:: Extracted records ::
╭──

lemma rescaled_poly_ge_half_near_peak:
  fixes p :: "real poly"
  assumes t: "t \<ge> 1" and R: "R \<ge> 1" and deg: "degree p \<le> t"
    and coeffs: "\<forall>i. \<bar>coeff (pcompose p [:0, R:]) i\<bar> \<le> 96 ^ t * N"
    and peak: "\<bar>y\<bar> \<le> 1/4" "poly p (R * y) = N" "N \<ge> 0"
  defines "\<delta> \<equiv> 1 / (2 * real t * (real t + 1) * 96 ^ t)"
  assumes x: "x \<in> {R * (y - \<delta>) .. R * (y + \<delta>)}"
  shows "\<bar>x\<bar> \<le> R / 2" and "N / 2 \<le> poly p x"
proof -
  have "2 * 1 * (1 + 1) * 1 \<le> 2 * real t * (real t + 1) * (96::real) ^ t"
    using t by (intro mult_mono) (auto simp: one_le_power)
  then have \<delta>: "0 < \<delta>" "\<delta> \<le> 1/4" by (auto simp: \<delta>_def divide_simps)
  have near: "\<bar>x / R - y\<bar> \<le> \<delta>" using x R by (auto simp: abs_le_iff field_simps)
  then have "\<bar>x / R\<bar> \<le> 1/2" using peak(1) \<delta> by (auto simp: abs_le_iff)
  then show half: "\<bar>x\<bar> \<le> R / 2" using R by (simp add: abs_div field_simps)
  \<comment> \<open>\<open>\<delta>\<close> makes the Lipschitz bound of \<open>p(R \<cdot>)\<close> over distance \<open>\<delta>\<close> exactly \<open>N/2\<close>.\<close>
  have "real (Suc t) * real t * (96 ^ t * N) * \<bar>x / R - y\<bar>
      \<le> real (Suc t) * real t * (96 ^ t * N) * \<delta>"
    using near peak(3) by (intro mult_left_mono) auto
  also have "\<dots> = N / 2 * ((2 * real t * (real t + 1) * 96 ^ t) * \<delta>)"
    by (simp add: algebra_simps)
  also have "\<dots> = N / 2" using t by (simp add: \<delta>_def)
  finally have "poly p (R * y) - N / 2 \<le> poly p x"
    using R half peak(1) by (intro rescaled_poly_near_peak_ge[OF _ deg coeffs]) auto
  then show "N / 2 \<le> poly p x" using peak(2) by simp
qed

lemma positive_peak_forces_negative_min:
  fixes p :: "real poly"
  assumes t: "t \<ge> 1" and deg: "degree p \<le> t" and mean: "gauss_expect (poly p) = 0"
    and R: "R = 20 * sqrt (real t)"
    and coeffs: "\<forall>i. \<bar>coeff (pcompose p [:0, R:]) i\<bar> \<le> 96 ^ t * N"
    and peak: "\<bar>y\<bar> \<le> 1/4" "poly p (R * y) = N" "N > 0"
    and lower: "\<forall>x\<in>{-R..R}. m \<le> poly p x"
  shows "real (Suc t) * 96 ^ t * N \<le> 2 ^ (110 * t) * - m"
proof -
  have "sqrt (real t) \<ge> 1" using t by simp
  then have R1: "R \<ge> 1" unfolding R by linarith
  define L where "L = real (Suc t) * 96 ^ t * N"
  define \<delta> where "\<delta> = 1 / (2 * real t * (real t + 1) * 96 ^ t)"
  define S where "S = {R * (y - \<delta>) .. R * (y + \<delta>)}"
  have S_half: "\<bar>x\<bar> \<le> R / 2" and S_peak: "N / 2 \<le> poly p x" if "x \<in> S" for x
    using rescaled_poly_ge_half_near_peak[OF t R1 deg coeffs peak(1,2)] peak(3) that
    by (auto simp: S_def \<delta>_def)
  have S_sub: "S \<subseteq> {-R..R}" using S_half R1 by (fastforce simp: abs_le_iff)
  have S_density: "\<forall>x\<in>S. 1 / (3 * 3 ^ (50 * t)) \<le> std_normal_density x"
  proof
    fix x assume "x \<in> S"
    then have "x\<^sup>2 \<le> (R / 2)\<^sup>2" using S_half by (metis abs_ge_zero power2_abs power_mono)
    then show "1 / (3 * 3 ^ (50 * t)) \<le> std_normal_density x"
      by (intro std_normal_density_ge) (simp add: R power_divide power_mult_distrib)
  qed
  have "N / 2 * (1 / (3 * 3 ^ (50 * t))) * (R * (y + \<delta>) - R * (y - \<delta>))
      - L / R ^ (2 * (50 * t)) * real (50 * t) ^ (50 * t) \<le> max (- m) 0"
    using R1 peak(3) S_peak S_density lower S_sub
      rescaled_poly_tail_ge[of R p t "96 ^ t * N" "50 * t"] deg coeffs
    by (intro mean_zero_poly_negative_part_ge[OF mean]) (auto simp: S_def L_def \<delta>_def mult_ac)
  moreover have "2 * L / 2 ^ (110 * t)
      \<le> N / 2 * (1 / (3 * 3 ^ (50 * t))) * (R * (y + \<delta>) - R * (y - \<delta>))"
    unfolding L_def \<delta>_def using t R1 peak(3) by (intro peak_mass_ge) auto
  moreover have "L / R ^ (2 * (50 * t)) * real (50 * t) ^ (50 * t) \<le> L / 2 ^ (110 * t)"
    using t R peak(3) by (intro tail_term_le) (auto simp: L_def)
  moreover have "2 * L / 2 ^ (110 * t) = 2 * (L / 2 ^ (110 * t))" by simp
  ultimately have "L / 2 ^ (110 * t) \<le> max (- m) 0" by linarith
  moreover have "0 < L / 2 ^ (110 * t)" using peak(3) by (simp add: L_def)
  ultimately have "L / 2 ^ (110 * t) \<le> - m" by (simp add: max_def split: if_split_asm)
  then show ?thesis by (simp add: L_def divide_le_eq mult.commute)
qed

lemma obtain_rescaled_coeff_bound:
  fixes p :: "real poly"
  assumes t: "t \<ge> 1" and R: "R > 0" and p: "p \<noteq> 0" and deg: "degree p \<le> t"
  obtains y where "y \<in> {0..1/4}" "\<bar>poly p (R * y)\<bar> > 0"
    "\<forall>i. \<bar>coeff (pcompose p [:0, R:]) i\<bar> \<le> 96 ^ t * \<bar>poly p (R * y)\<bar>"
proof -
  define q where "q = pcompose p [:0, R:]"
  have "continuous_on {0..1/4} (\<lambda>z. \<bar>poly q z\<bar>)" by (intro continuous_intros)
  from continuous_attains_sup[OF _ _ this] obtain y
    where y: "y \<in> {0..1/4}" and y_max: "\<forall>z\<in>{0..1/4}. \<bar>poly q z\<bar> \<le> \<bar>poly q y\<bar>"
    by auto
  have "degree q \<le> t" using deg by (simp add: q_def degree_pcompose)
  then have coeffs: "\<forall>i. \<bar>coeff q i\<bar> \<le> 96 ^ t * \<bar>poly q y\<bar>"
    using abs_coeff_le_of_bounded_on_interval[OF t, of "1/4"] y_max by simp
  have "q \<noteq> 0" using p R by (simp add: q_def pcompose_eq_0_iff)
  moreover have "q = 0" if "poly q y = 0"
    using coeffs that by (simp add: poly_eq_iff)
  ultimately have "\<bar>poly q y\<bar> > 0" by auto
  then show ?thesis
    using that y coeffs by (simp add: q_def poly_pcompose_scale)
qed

╰──

:: Exercise description ::
So that the data stays intact, repeat all of it exactly.

:: Exercise output ::
lemma rescaled_poly_ge_half_near_peak:
  fixes p :: "real poly"
  assumes t: "t \<ge> 1" and R: "R \<ge> 1" and deg: "degree p \<le> t"
    and coeffs: "\<forall>i. \<bar>coeff (pcompose p [:0, R:]) i\<bar> \<le> 96 ^ t * N"
    and peak: "\<bar>y\<bar> \<le> 1/4" "poly p (R * y) = N" "N \<ge> 0"
  defines "\<delta> \<equiv> 1 / (2 * real t * (real t + 1) * 96 ^ t)"
  assumes x: "x \<in> {R * (y - \<delta>) .. R * (y + \<delta>)}"
  shows "\<bar>x\<bar> \<le> R / 2" and "N / 2 \<le> poly p x"
proof -
  have "2 * 1 * (1 + 1) * 1 \<le> 2 * real t * (real t + 1) * (96::real) ^ t"
    using t by (intro mult_mono) (auto simp: one_le_power)
  then have \<delta>: "0 < \<delta>" "\<delta> \<le> 1/4" by (auto simp: \<delta>_def divide_simps)
  have near: "\<bar>x / R - y\<bar> \<le> \<delta>" using x R by (auto simp: abs_le_iff field_simps)
  then have "\<bar>x / R\<bar> \<le> 1/2" using peak(1) \<delta> by (auto simp: abs_le_iff)
  then show half: "\<bar>x\<bar> \<le> R / 2" using R by (simp add: abs_div field_simps)
  \<comment> \<open>\<open>\<delta>\<close> makes the Lipschitz bound of \<open>p(R \<cdot>)\<close> over distance \<open>\<delta>\<close> exactly \<open>N/2\<close>.\<close>
  have "real (Suc t) * real t * (96 ^ t * N) * \<bar>x / R - y\<bar>
      \<le> real (Suc t) * real t * (96 ^ t * N) * \<delta>"
    using near peak(3) by (intro mult_left_mono) auto
  also have "\<dots> = N / 2 * ((2 * real t * (real t + 1) * 96 ^ t) * \<delta>)"
    by (simp add: algebra_simps)
  also have "\<dots> = N / 2" using t by (simp add: \<delta>_def)
  finally have "poly p (R * y) - N / 2 \<le> poly p x"
    using R half peak(1) by (intro rescaled_poly_near_peak_ge[OF _ deg coeffs]) auto
  then show "N / 2 \<le> poly p x" using peak(2) by simp
qed

lemma positive_peak_forces_negative_min:
  fixes p :: "real poly"
  assumes t: "t \<ge> 1" and deg: "degree p \<le> t" and mean: "gauss_expect (poly p) = 0"
    and R: "R = 20 * sqrt (real t)"
    and coeffs: "\<forall>i. \<bar>coeff (pcompose p [:0, R:]) i\<bar> \<le> 96 ^ t * N"
    and peak: "\<bar>y\<bar> \<le> 1/4" "poly p (R * y) = N" "N > 0"
    and lower: "\<forall>x\<in>{-R..R}. m \<le> poly p x"
  shows "real (Suc t) * 96 ^ t * N \<le> 2 ^ (110 * t) * - m"
proof -
  have "sqrt (real t) \<ge> 1" using t by simp
  then have R1: "R \<ge> 1" unfolding R by linarith
  define L where "L = real (Suc t) * 96 ^ t * N"
  define \<delta> where "\<delta> = 1 / (2 * real t * (real t + 1) * 96 ^ t)"
  define S where "S = {R * (y - \<delta>) .. R * (y + \<delta>)}"
  have S_half: "\<bar>x\<bar> \<le> R / 2" and S_peak: "N / 2 \<le> poly p x" if "x \<in> S" for x
    using rescaled_poly_ge_half_near_peak[OF t R1 deg coeffs peak(1,2)] peak(3) that
    by (auto simp: S_def \<delta>_def)
  have S_sub: "S \<subseteq> {-R..R}" using S_half R1 by (fastforce simp: abs_le_iff)
  have S_density: "\<forall>x\<in>S. 1 / (3 * 3 ^ (50 * t)) \<le> std_normal_density x"
  proof
    fix x assume "x \<in> S"
    then have "x\<^sup>2 \<le> (R / 2)\<^sup>2" using S_half by (metis abs_ge_zero power2_abs power_mono)
    then show "1 / (3 * 3 ^ (50 * t)) \<le> std_normal_density x"
      by (intro std_normal_density_ge) (simp add: R power_divide power_mult_distrib)
  qed
  have "N / 2 * (1 / (3 * 3 ^ (50 * t))) * (R * (y + \<delta>) - R * (y - \<delta>))
      - L / R ^ (2 * (50 * t)) * real (50 * t) ^ (50 * t) \<le> max (- m) 0"
    using R1 peak(3) S_peak S_density lower S_sub
      rescaled_poly_tail_ge[of R p t "96 ^ t * N" "50 * t"] deg coeffs
    by (intro mean_zero_poly_negative_part_ge[OF mean]) (auto simp: S_def L_def \<delta>_def mult_ac)
  moreover have "2 * L / 2 ^ (110 * t)
      \<le> N / 2 * (1 / (3 * 3 ^ (50 * t))) * (R * (y + \<delta>) - R * (y - \<delta>))"
    unfolding L_def \<delta>_def using t R1 peak(3) by (intro peak_mass_ge) auto
  moreover have "L / R ^ (2 * (50 * t)) * real (50 * t) ^ (50 * t) \<le> L / 2 ^ (110 * t)"
    using t R peak(3) by (intro tail_term_le) (auto simp: L_def)
  moreover have "2 * L / 2 ^ (110 * t) = 2 * (L / 2 ^ (110 * t))" by simp
  ultimately have "L / 2 ^ (110 * t) \<le> max (- m) 0" by linarith
  moreover have "0 < L / 2 ^ (110 * t)" using peak(3) by (simp add: L_def)
  ultimately have "L / 2 ^ (110 * t) \<le> - m" by (simp add: max_def split: if_split_asm)
  then show ?thesis by (simp add: L_def divide_le_eq mult.commute)
qed

lemma obtain_rescaled_coeff_bound:
  fixes p :: "real poly"
  assumes t: "t \<ge> 1" and R: "R > 0" and p: "p \<noteq> 0" and deg: "degree p \<le> t"
  obtains y where "y \<in> {0..1/4}" "\<bar>poly p (R * y)\<bar> > 0"
    "\<forall>i. \<bar>coeff (pcompose p [:0, R:]) i\<bar> \<le> 96 ^ t * \<bar>poly p (R * y)\<bar>"
proof -
  define q where "q = pcompose p [:0, R:]"
  have "continuous_on {0..1/4} (\<lambda>z. \<bar>poly q z\<bar>)" by (intro continuous_intros)
  from continuous_attains_sup[OF _ _ this] obtain y
    where y: "y \<in> {0..1/4}" and y_max: "\<forall>z\<in>{0..1/4}. \<bar>poly q z\<bar> \<le> \<bar>poly q y\<bar>"
    by auto
  have "degree q \<le> t" using deg by (simp add: q_def degree_pcompose)
  then have coeffs: "\<forall>i. \<bar>coeff q i\<bar> \<le> 96 ^ t * \<bar>poly q y\<bar>"
    using abs_coeff_le_of_bounded_on_interval[OF t, of "1/4"] y_max by simp
  have "q \<noteq> 0" using p R by (simp add: q_def pcompose_eq_0_iff)
  moreover have "q = 0" if "poly q y = 0"
    using coeffs that by (simp add: poly_eq_iff)
  ultimately have "\<bar>poly q y\<bar> > 0" by auto
  then show ?thesis
    using that y coeffs by (simp add: q_def poly_pcompose_scale)
qed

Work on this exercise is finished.